Why do you need a moonshot?
Why should you invest time and resources into uncovering, articulating and communicating your vision, strategy, purpose and values?
Short answer: such moonshot thinking is the foundation for any successful business — as an increasing number of business leaders is beginning to recognise.
For example, in a recent survey, 51% of organisations said that when it comes to their employees, the number-one priority in 2023 is engaging people around purpose, strategy and values.
Sadly, in that same survey, just 56% of execs said their employees understood their strategy, vision and purpose. Even fewer employees (47%) said they understood how they contribute to that vision.
That’s a shame, because a clearly articulated moonshot will act like a decision-making tool at every level of your organisation.
It will get everyone pulling together and focused on the right things.
It will give managers and individual team members clarity on what they need to do each day.
It will answers questions like:
Why are we here?
Who do we serve?
What should we, as a team, be focusing on today? This week? This month?
And how are these daily priorities contributing to our larger goals?
In their brilliant book Made to Stick, Chip and Dan Heath cite a great example of the effect of a clearly articulated mission.

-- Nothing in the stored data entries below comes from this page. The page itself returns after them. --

lemma qmult_qcis:
  "qmult (qcis u \<alpha>) (qcis t \<beta>)
    = qcis (u \<noteq> t) (\<alpha> + (if u then - \<beta> else \<beta>) + (if u \<and> t then pi else 0))"
  by (cases u; cases t) (simp_all add: qcis_def qmult_def cos_add sin_add cos_diff sin_diff)

lemma qinv_qcis: "qinv (qcis t \<theta>) = qcis t (if t then \<theta> + pi else - \<theta>)"
  by (cases t) (simp_all add: qcis_def qinv_def qnorm2_def)

lemma qcirc_qcis:
  "qcirc (qcis u \<alpha>) (qcis t \<beta>) = qcis t (if u = t then 2 * \<alpha> - \<beta> else \<beta> + pi)"
  by (cases u; cases t) (simp_all add: qcirc_def qmult_qcis qinv_qcis algebra_simps)

text \<open>\<open>dic n False k = \<omega>\<^sup>k\<close> and \<open>dic n True k = \<omega>\<^sup>k j\<close>; the exponent only matters
  modulo \<open>2n\<close>.\<close>

definition dic :: "nat \<Rightarrow> bool \<Rightarrow> int \<Rightarrow> quat" where
  "dic n t k = qcis t (of_int k * pi / real n)"

lemma qcirc_dic:
  assumes "n > 0"
  shows "qcirc (dic n u p) (dic n t q) = dic n t (if u = t then 2 * p - q else q + int n)"
  using assms by (simp add: dic_def qcirc_qcis field_simps)

lemma dic_inject:
  assumes "n > 0" and "dic n t k = dic n u m"
  shows "t = u \<and> int (2 * n) dvd k - m"
proof -
  let ?\<alpha> = "of_int k * pi / real n" and ?\<beta> = "of_int m * pi / real n"
  have "t = u"
  proof (rule ccontr)
    assume "t \<noteq> u"
    then have "cos ?\<alpha> = 0 \<and> sin ?\<alpha> = 0"
      using assms(2) by (cases t) (auto simp: dic_def qcis_def)
    then show False using sin_cos_squared_add[of ?\<alpha>] by simp
  qed
  moreover have "cos ?\<alpha> = cos ?\<beta> \<and> sin ?\<alpha> = sin ?\<beta>"
    using assms(2) by (cases t; cases u) (simp_all add: dic_def qcis_def)
  then have "cos (?\<alpha> - ?\<beta>) = 1" by (simp add: cos_diff)
  then obtain j :: int where "?\<alpha> - ?\<beta> = of_int j * 2 * pi" using cos_one_2pi_int by blast
  then have "pi * real_of_int (k - m) = pi * real_of_int (j * 2 * int n)"
    using assms(1) by (simp add: field_simps)
  then have "k - m = int (2 * n) * j" by (simp only: mult_cancel_left of_int_eq_iff) simp
  ultimately show ?thesis by simp
qed

lemma qpow_omega: "qpow (omega n) k = dic n False (int k)"
proof (induction k)
  case 0
  then show ?case by (simp add: qpow_def qone_def dic_def qcis_def)
next
  case (Suc k)
  have "omega n = dic n False 1" by (simp add: omega_def dic_def qcis_def)
  with Suc show ?case by (simp add: qpow_def qmult_qcis dic_def add_divide_distrib distrib_right)
qed

lemma generators_eq_dic:
  "qone = dic n False 0" "qpow (omega n) a = dic n False (int a)" "qj = dic n True 0"
  "qmult (qpow (omega n) b) qj = dic n True (int b)"
  by (simp_all add: qone_def qj_def qpow_omega dic_def qcis_def qmult_def)

definition spacing :: "nat \<Rightarrow> nat \<Rightarrow> bool \<Rightarrow> nat" where
  "spacing a b t = (if t then b else a)"

definition dic_lattice :: "nat \<Rightarrow> nat \<Rightarrow> nat \<Rightarrow> quat set" where
  "dic_lattice n a b = {dic n t k |t k. int (spacing a b t) dvd k}"

lemma dic_in_dic_lattice: "int (spacing a b t) dvd k \<Longrightarrow> dic n t k \<in> dic_lattice n a b"
  unfolding dic_lattice_def by blast

locale Lab_orbits =
  fixes n a b :: nat
  assumes n_pos: "0 < n" and a_dvd: "a dvd n" and b_dvd: "b dvd n"
begin

abbreviation L :: "quat set" where "L \<equiv> Lab n a b"
abbreviation d :: "bool \<Rightarrow> nat" where "d \<equiv> spacing a b"

lemma d_pos: "0 < d t" and d_dvd: "d t dvd n"
  using n_pos a_dvd b_dvd by (auto simp: spacing_def intro: Nat.gr0I)

lemma Lab_eq_Lclos_dic: "L = Lclos {dic n False 0, dic n False (int a), dic n True 0, dic n True (int b)}"
  unfolding Lab_def generators_eq_dic(4) unfolding generators_eq_dic(1-3)[where n = n] ..

lemma dic_in_Lab: "dic n t 0 \<in> L" "dic n t (d t) \<in> L"
  unfolding Lab_eq_Lclos_dic by (cases t; auto simp: spacing_def intro: Lclos.base)+

lemma Lab_subset_dic_lattice: "L \<subseteq> dic_lattice n a b"
  unfolding Lab_eq_Lclos_dic
proof (rule Lclos_minimal)
  show "{dic n False 0, dic n False (int a), dic n True 0, dic n True (int b)} \<subseteq> dic_lattice n a b"
    by (simp add: dic_in_dic_lattice spacing_def)
next
  fix x y assume "x \<in> dic_lattice n a b" "y \<in> dic_lattice n a b"
  then obtain u p t q where "x = dic n u p" "int (d u) dvd p" "y = dic n t q" "int (d t) dvd q"
    by (auto simp: dic_lattice_def)
  moreover have "int (d t) dvd int n" using d_dvd by simp
  ultimately show "qcirc x y \<in> dic_lattice n a b"
    by (auto simp: qcirc_dic n_pos dic_in_dic_lattice)
qed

Employees at The Daily Record, a local newspaper in a small-town in the US, know exactly what they’re expected to do when they come into work each day — thanks to a simple, three-word mission statement:
Names, names, names.
As mission statements go, this is quite unusual — and it’s brilliantly bold.
But what does it mean? Well, the reason people buy a local newspaper is to read about local people, right?
So when the journalists and photographers come into work each day, they know their only job is to get as many local names into the paper as possible.
If they’re a reporter, they’ll know to follow up on local human interest stories, and to quote as many locals in those stories as they can.
If they’re a photographer reporting on the opening of a new building, they’ll know their job isn’t to photograph the building, but to photograph a crowd of people in front of the building.
It’s a concrete example of how moonshot thinking can create a daily decision making tool that keeps people focused on what matters.
Now imagine what clarity like that could do for your team.